Task objective →
Looking at the records below, please say how many lines contain the word "forall", as a bare number.

Dataset entries:
(* Let $f:\mathbb{R}^2\setminus\{y=0\}\to\mathbb{R}^2$ be the Hénon–Devaney map $f(x,y)=\left(x+\frac1y,\ y-\frac1y-x\right)$. Then the hyperbolic periodic points of $f$ are dense in $\mathbb{R}^2$. *)

theory Defs
  imports "HOL-Analysis.Analysis"
begin

text \<open>The Henon--Devaney map, f(x,y) = (x + 1/y, y - 1/y - x), defined on the
  plane minus the line y = 0. As a HOL function it is total; values on y = 0 are
  irrelevant because all notions below require the orbit to avoid y = 0.\<close>
definition henon_devaney :: "real \<times> real \<Rightarrow> real \<times> real" where
  "henon_devaney p = (fst p + 1 / snd p, snd p - 1 / snd p - fst p)"

definition is_complex_eigenvalue :: "(real \<times> real \<Rightarrow> real \<times> real) \<Rightarrow> complex \<Rightarrow> bool" where
  "is_complex_eigenvalue L mu \<longleftrightarrow>
     (let a11 = complex_of_real (fst (L (1, 0))); a21 = complex_of_real (snd (L (1, 0)));
          a12 = complex_of_real (fst (L (0, 1))); a22 = complex_of_real (snd (L (0, 1)))
      in \<exists>v1 v2 :: complex. (v1, v2) \<noteq> (0, 0) \<and>
           a11 * v1 + a12 * v2 = mu * v1 \<and> a21 * v1 + a22 * v2 = mu * v2)"

definition periodic_point :: "nat \<Rightarrow> real \<times> real \<Rightarrow> bool" where
  "periodic_point n p \<longleftrightarrow> n > 0 \<and> (\<forall>k<n. snd ((henon_devaney ^^ k) p) \<noteq> 0)
      \<and> (henon_devaney ^^ n) p = p"

definition hyperbolic_periodic_point :: "real \<times> real \<Rightarrow> bool" where
  "hyperbolic_periodic_point p \<longleftrightarrow> (\<exists>n L. periodic_point n p \<and>
      ((henon_devaney ^^ n) has_derivative L) (at p) \<and>
      (\<forall>mu. is_complex_eigenvalue L mu \<longrightarrow> cmod mu \<noteq> 1))"

end

theory Submission
  imports Defs
begin

text \<open>Along an orbit one has x_{n+1} = y_n - y_{n+1}, so the second coordinates satisfy
  y_{n+1} + y_{n-1} = 2 y_n - 1/y_n, and periodic points correspond to periodic solutions of
  this recurrence. The derivative of f at any point is [[1, -c], [-1, 1 + c]] with c > 0, and
  products of such matrices stay in a cone of determinant-one matrices of trace > 2; hence
  every periodic point is hyperbolic.

  For density, Baire's theorem gives a dense set of points whose complete orbit avoids the
  line y = 0. A nonvanishing solution cannot keep one sign, since its slope decreases by
  1/y_n at each step and these decrements sum to infinity; a closer look at its sign changes
  yields indices far out on either side where y is positive (or negative) but small compared
  with their distance from 0. Cutting the orbit there and repeating it periodically, one builds
  periodic sub- and supersolutions enclosing y up to \<epsilon> at the indices -1 and 0. By Perron's
  method the supremum of the periodic subsolutions between them is a periodic solution, that
  is, a periodic point close to the given one.\<close>

section \<open>Hyperbolicity of periodic points\<close>

definition matrix2 :: "real \<Rightarrow> real \<Rightarrow> real \<Rightarrow> real \<Rightarrow> real \<times> real \<Rightarrow> real \<times> real" where
  "matrix2 a b c d h = (a * fst h + b * snd h, c * fst h + d * snd h)"

lemma matrix2_comp:
  "matrix2 a' b' c' d' \<circ> matrix2 a b c d =
     matrix2 (a' * a + b' * c) (a' * b + b' * d) (c' * a + d' * c) (c' * b + d' * d)"
  by (simp add: fun_eq_iff matrix2_def algebra_simps)

lemma is_complex_eigenvalue_matrix2_cmod:
  assumes det: "a * d - b * c = 1" and trace: "\<bar>a + d\<bar> > 2"
    and "is_complex_eigenvalue (matrix2 a b c d) \<mu>"
  shows "cmod \<mu> \<noteq> 1"
proof
  assume unimodular: "cmod \<mu> = 1"
  from assms(3) obtain v1 v2 :: complex where nonzero: "(v1, v2) \<noteq> (0, 0)"
    and e1: "of_real a * v1 + of_real b * v2 = \<mu> * v1"
    and e2: "of_real c * v1 + of_real d * v2 = \<mu> * v2"
    unfolding is_complex_eigenvalue_def matrix2_def Let_def by auto
  define q where "q = (of_real a - \<mu>) * (of_real d - \<mu>) - of_real b * of_real c"
  have "v1 * q = 0" "v2 * q = 0"
    using e1 e2 unfolding q_def by algebra+
  then have "q = 0" using nonzero by auto
  then have "of_real (a * d - b * c) - of_real (a + d) * \<mu> + \<mu>^2 = 0"
    unfolding q_def by (simp add: algebra_simps power2_eq_square)
  then have charpoly: "1 - of_real (a + d) * \<mu> + \<mu>^2 = 0"
    using det by simp
  have re: "1 - (a + d) * Re \<mu> + (Re \<mu>)^2 - (Im \<mu>)^2 = 0"
    using arg_cong[OF charpoly, of Re] by (simp add: power2_eq_square)
  have im: "Im \<mu> = 0 \<or> 2 * Re \<mu> = a + d"
    using arg_cong[OF charpoly, of Im] by (simp add: power2_eq_square)
  have norm: "(Re \<mu>)^2 + (Im \<mu>)^2 = 1"
    using unimodular by (simp add: cmod_def)
  show False
  proof (cases "Im \<mu> = 0")
    case True
    then have "Re \<mu> = 1 \<or> Re \<mu> = -1" using norm by (simp add: power2_eq_1_iff)
    then show False using re True trace by auto
  next
    case False
    then have "a + d = 2 * Re \<mu>" using im by simp
    moreover have "\<bar>Re \<mu>\<bar> \<le> 1" using abs_Re_le_cmod[of \<mu>] unimodular by simp
    ultimately show False using trace by simp
  qed
qed

lemma henon_devaney_has_derivative:
  assumes "snd q \<noteq> 0"
  shows "(henon_devaney has_derivative
     matrix2 1 (- (1 / (snd q)^2)) (- 1) (1 + 1 / (snd q)^2)) (at q)"
proof -
  have "(henon_devaney has_derivative
     (\<lambda>h. (fst h - snd h / (snd q)^2, snd h + snd h / (snd q)^2 - fst h))) (at q)"
    unfolding henon_devaney_def[abs_def]
    apply (rule has_derivative_eq_rhs)
     apply (rule derivative_eq_intros | use assms in simp)+
    apply (auto simp: fun_eq_iff power2_eq_square field_simps)
    done
  then show ?thesis by (simp add: matrix2_def[abs_def] algebra_simps)
qed

text \<open>The derivative of f at (x, y) is [[1, -c], [-1, 1 + c]] with c = 1/y^2 > 0, and left
  multiplication by such matrices preserves the following conditions.\<close>
definition hd_cone :: "real \<Rightarrow> real \<Rightarrow> real \<Rightarrow> real \<Rightarrow> bool" where
  "hd_cone a b c d \<longleftrightarrow>
     b \<le> 0 \<and> a + c \<le> b + d \<and> 0 \<le> b + d \<and> 1 < a - b \<and> a * d - b * c = 1"

lemma hd_cone_derivative: "c > 0 \<Longrightarrow> hd_cone 1 (- c) (- 1) (1 + c)"
  unfolding hd_cone_def by (auto simp: algebra_simps)

lemma hd_cone_mult_derivative:
  assumes "hd_cone a b c d" "t \<ge> 0"
  shows "hd_cone (a - t * c) (b - t * d) (- a + (1 + t) * c) (- b + (1 + t) * d)"
proof -
  have "c \<le> d" "0 \<le> d" using assms(1) unfolding hd_cone_def by linarith+
  then have "t * c \<le> t * d" "0 \<le> t * d" using assms(2) by (simp_all add: mult_left_mono)
  then show ?thesis using assms(1) unfolding hd_cone_def by (simp add: algebra_simps)
qed

lemma hd_cone_trace:
  assumes "hd_cone a b c d"
  shows "a + d > 2"
proof -
  define x y where "x = b + d" and "y = a - b"
  have "x \<ge> 0" "y > 1" using assms unfolding hd_cone_def x_def y_def by auto
  have "x * y - 1 = - b * (b + d - a - c)"
    using assms unfolding hd_cone_def x_def y_def by (simp add: algebra_simps)
  also have "\<dots> \<ge> 0" using assms unfolding hd_cone_def by (simp add: mult_nonpos_nonneg)
  finally have "x * y \<ge> 1" by simp
  show ?thesis
  proof (rule ccontr)
    assume "\<not> a + d > 2"
    then have "y \<le> 2 - x" unfolding x_def y_def by simp
    then have "x * y \<le> x * (2 - x)" using \<open>x \<ge> 0\<close> by (rule mult_left_mono)
    also have "\<dots> = 1 - (1 - x)^2" by (simp add: power2_eq_square algebra_simps)
    also have "\<dots> < 1" using \<open>y \<le> 2 - x\<close> \<open>y > 1\<close> by simp
    finally show False using \<open>x * y \<ge> 1\<close> by simp
  qed
qed

definition iterates_defined :: "nat \<Rightarrow> real \<times> real \<Rightarrow> bool" where
  "iterates_defined n p \<longleftrightarrow> (\<forall>k<n. snd ((henon_devaney ^^ k) p) \<noteq> 0)"

lemma funpow_henon_devaney_has_derivative_cone:
  assumes "iterates_defined (Suc n) p"
  shows "\<exists>a b c d. hd_cone a b c d \<and>
    ((henon_devaney ^^ Suc n) has_derivative matrix2 a b c d) (at p)"
  using assms
proof (induction n)
  case 0
  then have "snd p \<noteq> 0" by (simp add: iterates_defined_def)
  then have "hd_cone 1 (- (1 / (snd p)^2)) (- 1) (1 + 1 / (snd p)^2)"
    "((henon_devaney ^^ Suc 0) has_derivative
      matrix2 1 (- (1 / (snd p)^2)) (- 1) (1 + 1 / (snd p)^2)) (at p)"
    using hd_cone_derivative henon_devaney_has_derivative by simp_all
  then show ?case by blast
next
  case (Suc n)
  define q where "q = (henon_devaney ^^ Suc n) p"
  define t where "t = 1 / (snd q)^2"
  have "snd q \<noteq> 0" using Suc.prems unfolding q_def iterates_defined_def by blast
  then have t: "t > 0" unfolding t_def by simp
  have "iterates_defined (Suc n) p" using Suc.prems by (simp add: iterates_defined_def)
  then obtain a b c d where cone: "hd_cone a b c d"
    and D: "((henon_devaney ^^ Suc n) has_derivative matrix2 a b c d) (at p)"
    using Suc.IH by blast
  have "(henon_devaney has_derivative matrix2 1 (- t) (- 1) (1 + t)) (at q)"
    using henon_devaney_has_derivative[OF \<open>snd q \<noteq> 0\<close>] unfolding t_def .
  then have "(henon_devaney \<circ> (henon_devaney ^^ Suc n) has_derivative
      matrix2 1 (- t) (- 1) (1 + t) \<circ> matrix2 a b c d) (at p)"
    using has_derivative_compose[OF D] unfolding q_def comp_def by blast
  then have "((henon_devaney ^^ Suc (Suc n)) has_derivative
      matrix2 (a - t * c) (b - t * d) (- a + (1 + t) * c) (- b + (1 + t) * d)) (at p)"
    by (simp add: matrix2_comp)
  with hd_cone_mult_derivative[OF cone] t show ?case by (meson less_imp_le)
qed

lemma funpow_henon_devaney_has_derivative:
  assumes "iterates_defined n p"
  shows "\<exists>a b c d. a * d - b * c = 1 \<and>
    ((henon_devaney ^^ n) has_derivative matrix2 a b c d) (at p)"
proof (cases n)
  case 0
  have "((\<lambda>x. x) has_derivative matrix2 1 0 0 1) (at p)"
    by (rule has_derivative_eq_rhs[OF has_derivative_ident]) (simp add: fun_eq_iff matrix2_def)
  then show ?thesis
    using 0 by (intro exI[of _ 1] exI[of _ 0] exI[of _ 0] exI[of _ 1]) (simp add: id_def)
next
  case (Suc m)
  then show ?thesis
    using funpow_henon_devaney_has_derivative_cone[of m p] assms by (auto simp: hd_cone_def)
qed

lemma isCont_funpow_henon_devaney: "iterates_defined n p \<Longrightarrow> isCont (henon_devaney ^^ n) p"
  using funpow_henon_devaney_has_derivative has_derivative_continuous by blast

lemma periodic_point_hyperbolic:
  assumes "periodic_point n p"
  shows "hyperbolic_periodic_point p"
proof -
  obtain m where n: "n = Suc m" and "iterates_defined (Suc m) p"
    using assms unfolding periodic_point_def iterates_defined_def by (metis gr0_conv_Suc)
  then obtain a b c d where cone: "hd_cone a b c d"
    and D: "((henon_devaney ^^ n) has_derivative matrix2 a b c d) (at p)"
    using funpow_henon_devaney_has_derivative_cone by blast
  have "a * d - b * c = 1" "\<bar>a + d\<bar> > 2"
    using cone hd_cone_trace[OF cone] unfolding hd_cone_def by auto
  then show ?thesis
    unfolding hyperbolic_periodic_point_def
    using assms D is_complex_eigenvalue_matrix2_cmod by blast
qed

section \<open>Orbits as solutions of a second-order recurrence\<close>

definition hd_defect :: "(int \<Rightarrow> real) \<Rightarrow> int \<Rightarrow> real" where
  "hd_defect z n = 2 * z n - z (n + 1) - z (n - 1) - 1 / z n"

definition hd_solution :: "(int \<Rightarrow> real) \<Rightarrow> bool" where
  "hd_solution z \<longleftrightarrow> (\<forall>n. hd_defect z n = 0)"

lemma hd_solution_rec: "hd_solution y \<Longrightarrow> y (n + 1) + y (n - 1) = 2 * y n - 1 / y n"
  unfolding hd_solution_def hd_defect_def by (drule spec[of _ n]) linarith

lemma hd_defect_uminus: "hd_defect (\<lambda>n. - z n) n = - hd_defect z n"
  unfolding hd_defect_def by simp

lemma hd_solution_uminus: "hd_solution y \<Longrightarrow> hd_solution (\<lambda>n. - y n)"
  unfolding hd_solution_def by (simp add: hd_defect_uminus)

lemma hd_solution_reflect: "hd_solution y \<Longrightarrow> hd_solution (\<lambda>n. y (- 1 - n))"
  unfolding hd_solution_def hd_defect_def
proof
  fix n
  assume "\<forall>n. 2 * y n - y (n + 1) - y (n - 1) - 1 / y n = 0"
  then have "2 * y (- 1 - n) - y (- 1 - n + 1) - y (- 1 - n - 1) - 1 / y (- 1 - n) = 0" ..
  then show "2 * y (- 1 - n) - y (- 1 - (n + 1)) - y (- 1 - (n - 1)) - 1 / y (- 1 - n) = 0"
    by (simp add: algebra_simps)
qed

lemma hd_defect_mono:
  assumes "z n = w n" "w (n + 1) \<le> z (n + 1)" "w (n - 1) \<le> z (n - 1)"
  shows "hd_defect z n \<le> hd_defect w n"
  using assms unfolding hd_defect_def by simp

lemma periodic_mod_eq:
  fixes z :: "int \<Rightarrow> 'a"
  assumes periodic: "\<forall>n. z (n + P) = z n" and "m mod P = n mod P"
  shows "z m = z n"
proof -
  have shift: "z (r + k * P) = z r" for r k
  proof (induction k rule: int_induct[where k = 0])
    case (step1 i)
    then show ?case using periodic[rule_format, of "r + i * P"] by (simp add: algebra_simps)
  next
    case (step2 i)
    then show ?case using periodic[rule_format, of "r + (i - 1) * P"] by (simp add: algebra_simps)
  qed simp
  have "z m = z (m mod P)" using shift[of "m mod P" "m div P"] by simp
  also have "\<dots> = z n" using shift[of "n mod P" "n div P"] assms(2) by simp
  finally show ?thesis .
qed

Exercise response →
6